Which is cool, I guess, but also a little creepy, and another reminder that Meta’s tracking everything that you do in its apps, in order to refine and improve its other services.

Which many people have issues with, which is why Meta now offers explicit controls for ad tracking and preferences. As such, Meta’s also keen to note that Meta AI isn’t tracking everything that you enter into it:

“Meta AI will only remember certain things you tell it in 1:1 conversations (not group chats), and you can delete its memories at any time.

What exactly those “certain” things are, Meta doesn’t say, but essentially, the system will be geared around refining its responses based on your preferences, so it’ll only be logging details on elements that relate to such.
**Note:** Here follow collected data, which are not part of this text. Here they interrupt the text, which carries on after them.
(* Let $E_1,\dots,E_N$ be a symmetric sequence of events with probability functions $P_k$ and correlation functions $G_k$. Then for every $k\in\{1,\dots,N\}$ and all $r_1,\dots,r_k\in\{0,1\}$, $$P_k(r_1,\dots,r_k)=\sum_{\pi}\prod_{B\in\pi}G_{|B|}(r_B),$$ where $\pi$ runs over all set partitions of $\{1,\dots,k\}$ into nonempty blocks, and for a block $B=\{i_1<\dots<i_m\}$ we write $r_B:=(r_{i_1},\dots,r_{i_m})$. Equivalently, $G_k(r_1,\dots,r_k)$ equals $P_k(r_1,\dots,r_k)$ minus the sum of $\prod_{B\in\pi}G_{|B|}(r_B)$ over all set partitions $\pi$ of $\{1,\dots,k\}$ with at least two blocks.
   Context: $\mathbbm{1}_E$ is the indicator function of an event $E$. A finite sequence of events $E_1,\dots,E_N$ on a common probability space is called symmetric if for all $r_1,\dots,r_N\in\{0,1\}$ and all permutations $\sigma$ of $\{1,\dots,N\}$, $P(\mathbbm{1}_{E_1}=r_1,\dots,\mathbbm{1}_{E_N}=r_N)=P(\mathbbm{1}_{E_1}=r_{\sigma(1)},\dots,\mathbbm{1}_{E_N}=r_{\sigma(N)})$. For $1\le k\le N$ the probability function of order $k$ is $P_k(r_1,\dots,r_k):=\sum_{r_{k+1},\dots,r_N\in\{0,1\}}P(\mathbbm{1}_{E_1}=r_1,\dots,\mathbbm{1}_{E_N}=r_N)$. The correlation functions $G_k:\{0,1\}^k\to\mathbb{R}$ are defined by $G_1:=P_1$ and, recursively for $1<k\le N$, $$G_k(r_1,\dots,r_k):=P_k(r_1,\dots,r_k)-\sum_{\sigma}\sum_{l=1}^{k-1}\frac{1}{(l-1)!\,(k-l)!}G_l(r_1,r_{\sigma(2)},\dots,r_{\sigma(l)})\,P_{k-l}(r_{\sigma(l+1)},\dots,r_{\sigma(k)}),$$ where $\sigma$ runs over all permutations of $\{2,\dots,k\}$. *)

theory Defs
  imports "HOL-Probability.Probability" "HOL-Combinatorics.Permutations" "HOL-Library.Disjoint_Sets"
begin

text \<open>Tuples (r_1,...,r_k) are represented as functions r :: nat \<Rightarrow> nat, of which
  only the values r 1, ..., r k are relevant; entries are meant to lie in {0,1}.\<close>

definition jointP :: "'a measure \<Rightarrow> (nat \<Rightarrow> 'a set) \<Rightarrow> nat \<Rightarrow> (nat \<Rightarrow> nat) \<Rightarrow> real" where
  "jointP M E N r = measure M {\<omega> \<in> space M. \<forall>i\<in>{1..N}. indicator (E i) \<omega> = real (r i)}"

definition symmetric_events :: "'a measure \<Rightarrow> (nat \<Rightarrow> 'a set) \<Rightarrow> nat \<Rightarrow> bool" where
  "symmetric_events M E N \<longleftrightarrow>
     (\<forall>r \<sigma>. (\<forall>i\<in>{1..N}. r i \<in> {0,1}) \<longrightarrow> \<sigma> permutes {1..N} \<longrightarrow>
        jointP M E N r = jointP M E N (r \<circ> \<sigma>))"

definition probP :: "'a measure \<Rightarrow> (nat \<Rightarrow> 'a set) \<Rightarrow> nat \<Rightarrow> nat \<Rightarrow> (nat \<Rightarrow> nat) \<Rightarrow> real" where
  "probP M E N k r = (\<Sum>s\<in>PiE {k+1..N} (\<lambda>_. {0::nat,1}).
      jointP M E N (\<lambda>i. if i \<le> k then r i else s i))"
subsection \<open>Block-diagonal and Kronecker structure\<close>

lemma diag_block_mat_index:
  assumes "\<forall>A\<in>set Ds. A \<in> carrier_mat M M" "i < length Ds * M" "j < length Ds * M"
  shows "diag_block_mat Ds $$ (i,j) =
    (if i div M = j div M then (Ds ! (i div M)) $$ (i mod M, j mod M) else 0)"
  using assms
proof (induction Ds arbitrary: i j)
  case Nil then show ?case by simp
next
  case (Cons A Ds)
  let ?D = "diag_block_mat Ds"
  have A: "A \<in> carrier_mat M M" using Cons.prems by simp
  have D: "dim_row ?D = length Ds * M" "dim_col ?D = length Ds * M"
    using Cons.prems(1) unfolding dim_diag_block_mat by (induction Ds) auto
  have M: "M > 0" using Cons.prems(2) by (cases M) auto
  have e: "diag_block_mat (A # Ds) $$ (i,j) = (if i < M then if j < M then A $$ (i, j)
           else 0 else if j < M then 0 else ?D $$ (i - M, j - M))"
    using Cons.prems A D by (simp add: Let_def)
  consider "i < M" "j < M" | "i < M" "\<not> j < M" | "\<not> i < M" "j < M" | "\<not> i < M" "\<not> j < M"
    by blast
  then show ?case
  proof cases
    case 4
    have "i - M < length Ds * M" "j - M < length Ds * M" using Cons.prems 4 by auto
    then have "?D $$ (i - M, j - M) = (if (i-M) div M = (j-M) div M
        then (Ds ! ((i-M) div M)) $$ ((i-M) mod M, (j-M) mod M) else 0)"
      using Cons.IH Cons.prems(1) by simp
    moreover have "i div M = Suc ((i-M) div M)" "j div M = Suc ((j-M) div M)"
      "i mod M = (i-M) mod M" "j mod M = (j-M) mod M"
      using 4 M by (simp_all add: le_div_geq le_mod_geq)
    ultimately show ?thesis using e 4 by simp
  qed (use e M in \<open>auto simp: le_div_geq\<close>)
qed

lemma diag_block_mat_map_carrier:
  assumes "\<And>k. k \<in> set xs \<Longrightarrow> F k \<in> carrier_mat (r k) (c k)"
  shows "diag_block_mat (map F xs) \<in> carrier_mat (sum_list (map r xs)) (sum_list (map c xs))"
  using assms unfolding carrier_mat_def dim_diag_block_mat by (induction xs) auto
theorem lemma5p6:
  fixes d k :: nat and q :: real
  assumes "q > 0" and "1 \<le> k" and "k < d"
  shows
   "(\<forall>z\<in>idx d k. \<forall>x\<in>idx d k.
       kcomp d (k + d) (ktens 0 d (kadj (vk (Svec d q))) kid) (ktens k k kid (vk (Svec d q))) z x
       = complex_of_real (qfact q (d - k) * qfact q k) * (- complex_of_real (sqrt q)) ^ (k * (d - k))
         * epsE d q k z x)
    \<and> (\<exists>v. \<forall>z\<in>idx d d. Rvec d q k z = kapp d d (ktens (d - k) (d - k) (epsE d q (d - k)) (epsE d q k)) v z)
    \<and> (\<exists>v. \<forall>z\<in>idx d d. Rbar d q k z = kapp d d (ktens k k (epsE d q k) (epsE d q (d - k))) v z)
    \<and> (\<forall>z\<in>idx d k. \<forall>x\<in>idx d k.
       kcomp d (k + d) (ktens 0 d (kadj (vk (Rbar d q k))) kid) (ktens k k kid (vk (Rvec d q k))) z x
       = epsE d q k z x)
    \<and> (\<forall>z\<in>idx d (d - k). \<forall>x\<in>idx d (d - k).
       kcomp d ((d - k) + d) (ktens 0 d (kadj (vk (Rvec d q k))) kid) (ktens (d - k) (d - k) kid (vk (Rbar d q k))) z x
       = epsE d q (d - k) z x)"
proof -
  have "k \<le> d" using assms(3) by simp
  then show ?thesis
    using Svec_cap_cup[OF assms(1), of k d _ _ 1 1] Rbar_cap_Rvec[OF assms(1)] Rvec_cap_Rbar[OF assms(1)]
      Rvec_tensor_fixed[OF assms(1), symmetric] Rbar_tensor_fixed[OF assms(1), symmetric]
    by (auto simp: minus_mu_def)
qed

end
definition simple_graph :: "'a set \<Rightarrow> 'a set set \<Rightarrow> bool" where
  "simple_graph V E \<longleftrightarrow> finite V \<and>
     (\<forall>e\<in>E. \<exists>a b. a \<noteq> b \<and> a \<in> V \<and> b \<in> V \<and> e = {a, b})"

definition degree :: "'a set set \<Rightarrow> 'a \<Rightarrow> nat" where
  "degree E v = card {e\<in>E. v \<in> e}"

definition path_edges :: "'a list \<Rightarrow> 'a set set" where
  "path_edges ps = set (map (\<lambda>(a, b). {a, b}) (zip ps (tl ps)))"

definition is_path :: "'a set \<Rightarrow> 'a set set \<Rightarrow> 'a list \<Rightarrow> bool" where
  "is_path V E ps \<longleftrightarrow> ps \<noteq> [] \<and> distinct ps \<and> set ps \<subseteq> V \<and> path_edges ps \<subseteq> E"

definition is_cycle :: "'a set \<Rightarrow> 'a set set \<Rightarrow> 'a list \<Rightarrow> bool" where
  "is_cycle V E cs \<longleftrightarrow> length cs \<ge> 3 \<and> is_path V E cs \<and> {last cs, hd cs} \<in> E"

definition connected_graph :: "'a set \<Rightarrow> 'a set set \<Rightarrow> bool" where
  "connected_graph V E \<longleftrightarrow>
     (\<forall>u\<in>V. \<forall>v\<in>V. \<exists>ps. is_path V E ps \<and> hd ps = u \<and> last ps = v)"

definition is_tree :: "'a set \<Rightarrow> 'a set set \<Rightarrow> bool" where
  "is_tree V E \<longleftrightarrow> simple_graph V E \<and> V \<noteq> {} \<and> connected_graph V E \<and>
     \<not> (\<exists>cs. is_cycle V E cs)"

(* leaves: vertices of degree at most 1 (degree 0 only occurs for the one-vertex tree) *)
definition leaves :: "'a set \<Rightarrow> 'a set set \<Rightarrow> 'a set" where
  "leaves V E = {v\<in>V. degree E v \<le> 1}"

(* phylogenetic X-tree: a tree without degree-2 vertices whose leaf set is X
   (leaves are identified with their labels) *)
definition phylo_tree :: "'a set \<Rightarrow> 'a set \<Rightarrow> 'a set set \<Rightarrow> bool" where
  "phylo_tree X V E \<longleftrightarrow> is_tree V E \<and> (\<forall>v\<in>V. degree E v \<noteq> 2) \<and> leaves V E = X"

definition binary_phylo_tree :: "'a set \<Rightarrow> 'a set \<Rightarrow> 'a set set \<Rightarrow> bool" where
  "binary_phylo_tree X V E \<longleftrightarrow> phylo_tree X V E \<and> (\<forall>v\<in>V. degree E v \<le> 3)"

definition leaf_path_seq :: "'a set \<Rightarrow> 'a set set \<Rightarrow> 'a list \<Rightarrow> bool" where
  "leaf_path_seq V E ps \<longleftrightarrow> is_path V E ps \<and> hd ps \<noteq> last ps \<and>
     hd ps \<in> leaves V E \<and> last ps \<in> leaves V E"

(* unordered path: a path identified with its reverse *)
definition upath :: "'a list \<Rightarrow> 'a list set" where
  "upath ps = {ps, rev ps}"

definition leaf_to_leaf_paths :: "'a set \<Rightarrow> 'a set set \<Rightarrow> 'a list set set" where
  "leaf_to_leaf_paths V E = {upath ps | ps. leaf_path_seq V E ps}"

definition upath_edges :: "'a list set \<Rightarrow> 'a set set" where
  "upath_edges P = (\<Union>ps\<in>P. path_edges ps)"

definition pairwise_edge_disjoint :: "'a list set set \<Rightarrow> bool" where
  "pairwise_edge_disjoint \<P> \<longleftrightarrow>
     (\<forall>P\<in>\<P>. \<forall>Q\<in>\<P>. P \<noteq> Q \<longrightarrow> upath_edges P \<inter> upath_edges Q = {})"

end

theory Submission
  imports Defs
begin

(*
  Let U be the set of edges covered by k pairwise edge-disjoint leaf-to-leaf paths in a
  binary tree with 2k leaves. Two such paths cannot end at the same leaf (it has only one
  edge), so every leaf is the end of exactly one path. Hence U contains every pendant edge,
  each path contributes 0 or 2 edges of U at an inner vertex, and so inner vertices have even
  U-degree, which is at most 2 as the tree is binary. For two such packings the symmetric
  difference of their edge sets has even degree everywhere, and a forest has no nonempty
  subgraph with all degrees even; thus both packings cover the same U. In a graph of maximum
  degree 2 a path starting at a vertex of degree 1 is forced, so the paths starting at any
  leaf coincide.
*)

lemma path_edges_Nil [simp]: "path_edges [] = {}"
  and path_edges_singleton [simp]: "path_edges [a] = {}"
  and path_edges_Cons_Cons [simp]: "path_edges (a # b # xs) = insert {a, b} (path_edges (b # xs))"
  by (simp_all add: path_edges_def)

lemma path_edges_append:
  "xs \<noteq> [] \<Longrightarrow> ys \<noteq> [] \<Longrightarrow>
    path_edges (xs @ ys) = path_edges xs \<union> insert {last xs, hd ys} (path_edges ys)"
proof (induction xs rule: induct_list012)
  case (2 x) thus ?case by (cases ys) auto
qed auto

lemma path_edges_rev [simp]: "path_edges (rev xs) = path_edges xs"
proof (induction xs rule: induct_list012)
  case (3 x y zs)
  have "path_edges (rev (x # y # zs)) = path_edges (rev (y # zs) @ [x])" by simp
  also have "\<dots> = path_edges (y # zs) \<union> {{y, x}}"
    using 3 by (subst path_edges_append) (auto simp: last_rev)
  finally show ?case by (auto simp: insert_commute)
qed auto

lemma path_edges_subset_set: "e \<in> path_edges xs \<Longrightarrow> e \<subseteq> set xs"
  by (induction xs rule: induct_list012) auto

lemma path_edges_prefix: "path_edges xs \<subseteq> path_edges (xs @ ys)"
  by (cases "xs = [] \<or> ys = []") (auto simp: path_edges_append)

lemma finite_path_edges [simp]: "finite (path_edges xs)"
  by (simp add: path_edges_def)

lemma card_path_edges_at_inner_vertex:
  assumes "distinct ps" "v \<in> set ps" "v \<noteq> hd ps" "v \<noteq> last ps"
  shows "card {e \<in> path_edges ps. v \<in> e} = 2"
proof -
  obtain xs ys where ps: "ps = xs @ v # ys" using assms(2) split_list by metis
  have xs: "xs \<noteq> []" using assms(3) ps by auto
  obtain b zs where ys: "ys = b # zs" using assms(4) ps by (cases ys) auto
  have v_notin: "v \<notin> set xs" "v \<notin> set ys" using assms(1) ps by auto
  have "path_edges ps = path_edges xs \<union> insert {last xs, v} (insert {v, b} (path_edges ys))"
    using ps xs ys by (simp add: path_edges_append)
  then have "{e \<in> path_edges ps. v \<in> e} = {{last xs, v}, {v, b}}"
    using v_notin path_edges_subset_set by auto
  moreover have "{last xs, v} \<noteq> {v, b}"
    using assms(1) ps xs ys by (auto simp: doubleton_eq_iff)
  ultimately show ?thesis by simp
qed

lemma card_le_degree: "finite U \<Longrightarrow> S \<subseteq> {e \<in> U. v \<in> e} \<Longrightarrow> card S \<le> degree U v"
  unfolding degree_def by (rule card_mono) auto

lemma neighbour_unique_if_degree_le_1:
  assumes "finite U" "degree U x \<le> 1" "{x, b} \<in> U" "{x, b'} \<in> U"
  shows "b = b'"
proof (rule ccontr)
  assume "b \<noteq> b'"
  then have "card {{x, b}, {x, b'}} = 2" by (auto simp: doubleton_eq_iff)
  moreover have "card {{x, b}, {x, b'}} \<le> degree U x"
    using assms by (intro card_le_degree) auto
  ultimately show False using assms(2) by simp
qed

lemma neighbour_unique_if_degree_le_2:
  assumes "finite U" "degree U a \<le> 2" "{c, a} \<in> U" "{a, b} \<in> U" "{a, b'} \<in> U"
    and "c \<noteq> a" "c \<noteq> b" "c \<noteq> b'"
  shows "b = b'"
proof (rule ccontr)
  assume "b \<noteq> b'"
  then have "card {{c, a}, {a, b}, {a, b'}} = 3"
    using assms(6-8) by (auto simp: doubleton_eq_iff)
  moreover have "card {{c, a}, {a, b}, {a, b'}} \<le> degree U a"
    using assms by (intro card_le_degree) auto
  ultimately show False using assms(2) by simp
qed

(* c is the vertex before a: its edge at a leaves room for only one continuation. *)
lemma max_degree_2_path_continuation_unique:
  assumes fin: "finite U" and deg: "\<And>v. degree U v \<le> 2"
  shows "distinct (c # a # p) \<Longrightarrow> distinct (c # a # q) \<Longrightarrow>
    path_edges (c # a # p) \<subseteq> U \<Longrightarrow> path_edges (c # a # q) \<subseteq> U \<Longrightarrow>
    degree U (last (a # p)) = 1 \<Longrightarrow> degree U (last (a # q)) = 1 \<Longrightarrow> p = q"
proof (induction p arbitrary: c a q)
  case Nil
  show ?case
  proof (cases q)
    case (Cons b q')
    then have "c = b"
      using Nil.prems neighbour_unique_if_degree_le_1[OF fin, of a c b] by (auto simp: insert_commute)
    then show ?thesis using Nil.prems(2) Cons by simp
  qed simp
next
  case (Cons b p)
  show ?case
  proof (cases q)
    case Nil
    then have "c = b"
      using Cons.prems neighbour_unique_if_degree_le_1[OF fin, of a c b] by (auto simp: insert_commute)
    then show ?thesis using Cons.prems(1) by simp
  next
    case (Cons b' q')
    then have "b = b'"
      using Cons.prems by (intro neighbour_unique_if_degree_le_2[OF fin deg, of c]) auto
    then show ?thesis using Cons.IH[of a b q'] Cons.prems \<open>q = b' # q'\<close> by auto
  qed
qed

lemma max_degree_2_path_unique:
  assumes fin: "finite U" and deg: "\<And>v. degree U v \<le> 2"
    and "distinct p" "distinct q" "path_edges p \<subseteq> U" "path_edges q \<subseteq> U"
    and "length p \<ge> 2" "length q \<ge> 2" "hd p = hd q"
    and "degree U (hd p) = 1" "degree U (last p) = 1" "degree U (last q) = 1"
  shows "p = q"
proof -
  obtain x b p' where p: "p = x # b # p'" using assms(7) by (cases p; cases "tl p") auto
  obtain b' q' where q: "q = x # b' # q'" using assms(8,9) p by (cases q; cases "tl q") auto
  have "b = b'"
    using assms(5,6,10) p q by (intro neighbour_unique_if_degree_le_1[OF fin, of x]) auto
  moreover have "p' = q'"
    using assms(3-6,11,12) p q \<open>b = b'\<close>
    by (intro max_degree_2_path_continuation_unique[OF fin deg, of x b]) auto
  ultimately show ?thesis using p q by simp
qed

lemma forest_even_subgraph_path_extends:
  assumes simple: "simple_graph V E" and acyclic: "\<nexists>cs. is_cycle V E cs"
    and "D \<subseteq> E" "finite D" "even (degree D u)"
    and path: "distinct (u # b # rest)" "set (u # b # rest) \<subseteq> V" "path_edges (u # b # rest) \<subseteq> D"
  obtains w where "w \<in> V" "w \<notin> set (u # b # rest)" "{w, u} \<in> D"
proof -
  have "{u, b} \<in> D" using path(3) by simp
  then have "degree D u \<noteq> 0" using \<open>finite D\<close> by (auto simp: degree_def)
  then have "degree D u \<ge> 2" using \<open>even (degree D u)\<close> by presburger
  then have "\<not> {e \<in> D. u \<in> e} \<subseteq> {{u, b}}"
    unfolding degree_def using card_mono[of "{{u, b}}" "{e \<in> D. u \<in> e}"] by auto
  then obtain e where e: "e \<in> D" "u \<in> e" "e \<noteq> {u, b}" by auto
  moreover obtain a c where "a \<noteq> c" "a \<in> V" "c \<in> V" "e = {a, c}"
    using simple e(1) \<open>D \<subseteq> E\<close> unfolding simple_graph_def by blast
  ultimately obtain w where w: "e = {u, w}" "w \<noteq> u" "w \<in> V" by auto
  have "w \<notin> set (u # b # rest)"
  proof
    assume "w \<in> set (u # b # rest)"
    then have "w \<in> set rest" using w e(3) by auto
    then obtain xs ys where rest: "rest = xs @ w # ys" using split_list by metis
    define cs where "cs = u # b # xs @ [w]"
    have "path_edges cs \<subseteq> D"
      using path(3) path_edges_prefix[of cs ys] rest by (auto simp: cs_def)
    moreover have "distinct cs" "set cs \<subseteq> V"
      using path(1,2) rest by (auto simp: cs_def)
    moreover have "{last cs, hd cs} \<in> E"
      using e(1) w(1) \<open>D \<subseteq> E\<close> by (auto simp: cs_def insert_commute)
    moreover have "length cs \<ge> 3" by (simp add: cs_def)
    ultimately have "is_cycle V E cs"
      using \<open>D \<subseteq> E\<close> unfolding is_cycle_def is_path_def by auto
    then show False using acyclic by blast
  qed
  then show thesis using that w e(1) by (simp add: insert_commute)
qed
Though that could be a lot of things.

I mean, theoretically, if Meta wants its AI to be as personalized as possible, it will eventually be tracking your dietary choices, search habits, sexual preference, and basically every other habit you may have, in order to align with exactly what you’re seeking.

And Meta probably knows a lot of this about you already, with previous reports suggesting that Facebook knows you better than your closest human relationships. But Meta won’t be building all of that back-end data into Meta AI, so presumably this will be a separate data stack, built for Meta AI only.

But then again, if Meta truly wanted to personalize its systems, and users really want that level of customization…

It’s also worth noting that Meta’s building huge AI data centers to power this effort, with Meta CEO Mark Zuckerberg recently committing to $65 billion in capital spending on AI this year.

That’s, uh, a lot of data that Meta’s tracking, which could be a concern?

I don’t know, it seems like all of the previous worries about Meta taking in vast amounts of data, and using that for whatever purpose it sees fit, have gone out the window now that it’s doubling down on AI, and there’s a market demand to build AI systems as fast as possible, to ensure that the U.S. remains at the forefront of the tech.

Which may not even be true now, given the sudden rise of Chinese AI assistant app DeepSeek, which uses a totally different approach to AI training and data usage, and arguably produces better, faster results.

Meta undoubtedly has the lead in terms of user data, with more information on more people than any other company in history, and that could be a major market advantage for the company. But that would also put Meta at risk of further regulation, given past investigations related to how it uses people’s data, and what responsibilities it has in protecting and responsibly utilizing such.

If Meta goes too far, regulators could sound the alarm, particularly in Europe, which is already restricting Meta’s AI roll out in order to assess the privacy implications.

Announcing these new personalization elements is unlikely to ease those concerns. But then again, maybe that’s why Zuck is so keen to get in the Trump Administration’s good graces.